The S&P 500 remains about 17.1% above the year-end 2019 levels, according to Dow Jones Market Data, although this year's selloff might feel brutal, especially after the September carnage.

That isn't low enough, given the likely scope of Federal Reserve actions needed to bring surging inflation back to the central bank's 2% annual target, according to Steven Blitz, chief U.S. economist at TS Lombard.

Markets are being routed but they are resetting due to too rich price levels created by Fed policies that went on way too long, Blitz said in a recent client note.

Financial conditions are consequently tightening, but are not yet enough to meet.

The economy is about to blow a gasket. Blitz pointed out how little financial conditions have tightened see chart relative to past recessions, bolstering his case for why the Fed still needs to raise its policy rate by more than anticipated.

U.S. stocks ended Wednesday in choppy trade after rallying sharply to kick off October and after their worst September since 2002. After a rough September, the S&P 500 s SPX, typically sees modest gains a month later, but not the Dow Jones Industrial Average, DJIA, when looking at historical data, William Watts wrote.
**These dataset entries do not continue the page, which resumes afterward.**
lemma
  assumes "sets \<nu>' = sets \<nu>"
  shows sets_sum_meas: "sets (sum_meas \<nu> \<nu>') = sets \<nu>"
    and space_sum_meas: "space (sum_meas \<nu> \<nu>') = space \<nu>"
    and emeasure_sum_meas: "A \<in> sets \<nu> \<Longrightarrow> emeasure (sum_meas \<nu> \<nu>') A = emeasure \<nu> A + emeasure \<nu>' A"
proof -
  show "sets (sum_meas \<nu> \<nu>') = sets \<nu>" "space (sum_meas \<nu> \<nu>') = space \<nu>"
    by (simp_all add: sum_meas_def)
  have "countably_additive (sets \<nu>) (\<lambda>A. emeasure \<nu> A + emeasure \<nu>' A)"
  proof (rule countably_additiveI)
    fix A :: "nat \<Rightarrow> _"
    assume "range A \<subseteq> sets \<nu>" "disjoint_family A"
    then show "(\<Sum>i. emeasure \<nu> (A i) + emeasure \<nu>' (A i)) = emeasure \<nu> (\<Union>i. A i) + emeasure \<nu>' (\<Union>i. A i)"
      using assms by (simp add: suminf_add[symmetric] suminf_emeasure)
  qed
  then show "A \<in> sets \<nu> \<Longrightarrow> emeasure (sum_meas \<nu> \<nu>') A = emeasure \<nu> A + emeasure \<nu>' A"
    unfolding sum_meas_def by (intro emeasure_measure_of_sigma sets.sigma_algebra_axioms) (auto simp: positive_def)
qed

lemma pm01_integrable_ident:
  assumes "pm01 \<nu>"
  shows "integrable \<nu> (\<lambda>x. x)"
proof -
  interpret prob_space \<nu>
    using assms by (simp add: pm01_def)
  show ?thesis
    using pm01_space[OF assms] borel_measurable_pm01_ident[OF assms]
    by (intro integrable_const_bound[where B=1] AE_I2) auto
qed

lemma pm01_RN_density:
  fixes \<tau> \<nu> :: "real measure"
  assumes \<nu>: "pm01 \<nu>" and \<tau>: "finite_measure \<tau>" "sets \<nu> = sets \<tau>"
    and ac: "absolutely_continuous \<tau> \<nu>"
  defines "f \<equiv> \<lambda>x. enn2real (RN_deriv \<tau> \<nu> x)"
  shows "integrable \<tau> f" "(\<integral>x. f x \<partial>\<tau>) = 1"
    and "integrable \<tau> (\<lambda>x. f x * x)" "(\<integral>x. f x * x \<partial>\<tau>) = (\<integral>x. x \<partial>\<nu>)"
proof -
  interpret \<nu>: prob_space \<nu>
    using \<nu> by (simp add: pm01_def)
  interpret \<tau>: finite_measure \<tau>
    by (rule \<tau>)
  have ident: "(\<lambda>x. x) \<in> borel_measurable \<tau>"
    using borel_measurable_pm01_ident[OF \<nu>] by (simp only: measurable_cong_sets[OF \<tau>(2)[symmetric] refl])
  note RN_integrable = \<tau>.RN_deriv_integrable[OF \<nu>.sigma_finite_measure_axioms ac \<tau>(2)]
  note RN_integral = \<tau>.RN_deriv_integral[OF \<nu>.sigma_finite_measure_axioms ac \<tau>(2)]
  have one: "(\<lambda>_. 1::real) \<in> borel_measurable \<tau>" "integrable \<nu> (\<lambda>_. 1::real)"
    "(\<integral>_. 1 \<partial>\<nu>) = (1::real)"
    by (simp_all add: \<nu>.prob_space)
  show "integrable \<tau> f"
    using RN_integrable[OF one(1)] one(2) unfolding f_def by (simp only: mult_1_right)
  show "(\<integral>x. f x \<partial>\<tau>) = 1"
    using RN_integral[OF one(1)] one(3) unfolding f_def by (simp only: mult_1_right)
  show "integrable \<tau> (\<lambda>x. f x * x)"
    using RN_integrable[OF ident] pm01_integrable_ident[OF \<nu>] unfolding f_def by blast
  show "(\<integral>x. f x * x \<partial>\<tau>) = (\<integral>x. x \<partial>\<nu>)"
    using RN_integral[OF ident] unfolding f_def by (rule sym)
qed

lemma sum_meas_finite_measure:
  assumes "finite_measure \<nu>" "finite_measure \<nu>'" "sets \<nu>' = sets \<nu>"
  shows "finite_measure (sum_meas \<nu> \<nu>')"
    and "absolutely_continuous (sum_meas \<nu> \<nu>') \<nu>" "absolutely_continuous (sum_meas \<nu> \<nu>') \<nu>'"
proof -
  have "space \<nu>' = space \<nu>"
    using assms(3) by (rule sets_eq_imp_space_eq)
  then have "emeasure (sum_meas \<nu> \<nu>') (space \<nu>) = emeasure \<nu> (space \<nu>) + emeasure \<nu>' (space \<nu>')"
    using emeasure_sum_meas[OF assms(3) sets.top] by simp
  then have "emeasure (sum_meas \<nu> \<nu>') (space \<nu>) \<noteq> \<infinity>"
    using finite_measure.emeasure_finite[OF assms(1)] finite_measure.emeasure_finite[OF assms(2)] by simp
  then show "finite_measure (sum_meas \<nu> \<nu>')"
    using assms(3) by (intro finite_measureI) (simp add: space_sum_meas)
  show "absolutely_continuous (sum_meas \<nu> \<nu>') \<nu>" "absolutely_continuous (sum_meas \<nu> \<nu>') \<nu>'"
    using assms(3) by (auto simp: absolutely_continuous_def null_sets_def emeasure_sum_meas sets_sum_meas)
qed

lemma abs_sq_diff_le:
  fixes u v e :: real
  assumes e: "e > 0"
  shows "\<bar>u\<^sup>2 - v\<^sup>2\<bar> \<le> e/2 * (u\<^sup>2 + v\<^sup>2) + (u - v)\<^sup>2 / e"
proof -
  have "e * \<bar>u\<^sup>2 - v\<^sup>2\<bar> = (e * \<bar>u + v\<bar>) * \<bar>u - v\<bar>"
    by (simp add: power2_eq_square abs_mult algebra_simps flip: abs_mult)
  also have "\<dots> \<le> (e * \<bar>u + v\<bar>)\<^sup>2 / 4 + (u - v)\<^sup>2"
  proof -
    have "0 \<le> (e * \<bar>u + v\<bar> / 2 - \<bar>u - v\<bar>)\<^sup>2"
      by simp
    also have "\<dots> = (e * \<bar>u + v\<bar>)\<^sup>2 / 4 - (e * \<bar>u + v\<bar>) * \<bar>u - v\<bar> + (u - v)\<^sup>2"
      by (simp add: power2_diff power_divide)
    finally show ?thesis
      by linarith
  qed
  also have "\<dots> \<le> e\<^sup>2 * (u\<^sup>2 + v\<^sup>2) / 2 + (u - v)\<^sup>2"
  proof -
    have "(u + v)\<^sup>2 \<le> 2 * (u\<^sup>2 + v\<^sup>2)"
      using zero_le_power2[of "u - v"] by (simp add: power2_sum power2_diff)
    then have "e\<^sup>2 * (u + v)\<^sup>2 \<le> e\<^sup>2 * (2 * (u\<^sup>2 + v\<^sup>2))"
      by (rule mult_left_mono) simp
    then show ?thesis
      by (simp add: power_mult_distrib algebra_simps)
  qed
  finally show ?thesis
    using e by (simp add: field_simps power2_eq_square)
qed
The main problem for Blitz is that this year's stock-market decline has been hardly a shake out when considering the roughly 50% drop in equities in the 1974 -- 75 recession and 2008 -- 09.

The market has gotten here by pricing in the Fed's 4.5% solution for 4.5% inflation, 4.5% unemployment and 4.5% funds rate with all believing this is the case.

Blitz said that it would be enough to put maximum downward pressure on inflation. The jobs report for September gave investors clues as to whether the Fed might keep up its pace of outsize rate hikes in the face of robust wage gains that have fuelled inflation.

Related: Hiring and job creation fell to a 2 year low in the September jobs report of the U.S.

The Fed solution may need to hit 5.5%, especially with household balance sheets resilient, even as interest rates have risen, which has cooled the housing market as the 30 year fixed mortgage rate nears 7%, according to Blitz.

Energy costs as a component of inflation came back into focus on Wednesday after major oil producers agreed to reduce their crude production levels by 2 million barrels a day, starting next month.

The decision was followed by the US benchmark West Texas Intermediate crude for November delivery CLX 22, CL 00, which gained 1.4% at $87.76 a barrel.

U.S. crude prices have fallen from an intraday high in March of $130 a barrel, according to FactSet data, after they surged as global economies first emerged from the Pandemic lock-downs, but also as Russia's war in Ukraine.

There is still a lot of room for housing in a recession, even if prices drop 15%.